# Half-screen Monitor Problem



## GeneB (Jul 28, 2004)

This is kind of an odd problem and I'm completely at a loss on what to make of it. My daughter has a 17" LCD ViewSonic monitor (about two years old) on her WinXP computer. A few months ago it started acting strange when the computer was started. On startup you could only see half the screen. The POST screen was displayed, but you could only see the bottom half of it--and that was all on the top half of the monitor--the bottom half was black. And when Windows loaded, the splash screen was displayed the same way--only the bottom half showed, and that was all pushed up to the top half of the screen. (It's as if the display is printed on a window shade that's rolled halfway up.) After Windows loaded everything was fine and the display was normal.

I figured it was probably a driver issue, so I updated the graphics and monitor drivers but that didn't fix the problem. Since everything else worked OK, we didn't worry about it any more.

But then last week she got a (relatively) new computer, hooked it up, and the same boot-up display problem was there. Still not a big deal, except she installed some programs for her 4-year-old (something from a Jumpstart Learning series) and those programs show the same problem--you can only see the bottom half of the display and the bottom of the screen is black. All other programs run and display normally, and there's no problem at all with a different monitor hooked up.

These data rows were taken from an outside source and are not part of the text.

definition analytic_core :: "('a::complex_banach \<Rightarrow> 'a) \<Rightarrow> 'a set" where
  "analytic_core T = {x. \<exists>\<delta>>0. \<exists>xs :: nat \<Rightarrow> 'a. xs 0 = x \<and>
      (\<forall>n. T (xs (Suc n)) = xs n) \<and> (\<forall>n. norm (xs n) \<le> \<delta> ^ n * norm x)}"

end

theory Submission
  imports Defs
begin

text \<open>
  (iii) implies (i) because K(c S) = K(S) for c \<noteq> 0, and (i) implies (ii) trivially.
  For (ii) implies (iii), take F = y \<otimes> f. The operator A F + F A maps into span {y, A y} and
  acts there by a 2 x 2 matrix; its analytic core is trivial when that matrix is nilpotent and
  contains an eigenvector otherwise. Choosing f by the Hahn-Banach theorem so that the core for A
  is trivial while the one for B is not, one shows first B y \<in> span {y, A y} and then, according to
  whether y is an eigenvector of A, lies in a two-dimensional A-invariant subspace, or neither,
  that B y is a multiple of A y. Pointwise proportional linear maps are proportional, and the
  symmetry of (ii) in A and B excludes the factor 0 unless A = B = 0.
\<close>

section \<open>The Hahn-Banach theorem\<close>

text \<open>Graphs of linear functionals on subspaces of X that are dominated by the norm: a subspace of
  X \<times> \<real> whose only point over 0 is (0, 0).\<close>
definition norm_dominated_graph :: "('a::real_normed_vector \<times> real) set \<Rightarrow> bool" where
  "norm_dominated_graph G \<longleftrightarrow>
     subspace G \<and> (\<forall>a. (0, a) \<in> G \<longrightarrow> a = 0) \<and> (\<forall>(x, a)\<in>G. a \<le> norm x)"

lemma norm_dominated_graphD:
  assumes "norm_dominated_graph G"
  shows norm_dominated_graph_subspace: "subspace G"
    and norm_dominated_graph_zero: "(0, a) \<in> G \<Longrightarrow> a = 0"
    and norm_dominated_graph_le: "(x, a) \<in> G \<Longrightarrow> a \<le> norm x"
  using assms unfolding norm_dominated_graph_def by auto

So it must be a monitor problem, right? But why does this half-screen goofiness only show up at boot and with a couple of not-very-sophisticated programs? Everything else is fine. Am I missing something?


----------



## johnpost (Dec 18, 2005)

it seems to be happening at certain resolutions such as are used
during post screen, splash and those programs.

alot of kid educational software changes the video output
resolution to run 

if new computer means new video card or on board
video then the computer output is not the problem.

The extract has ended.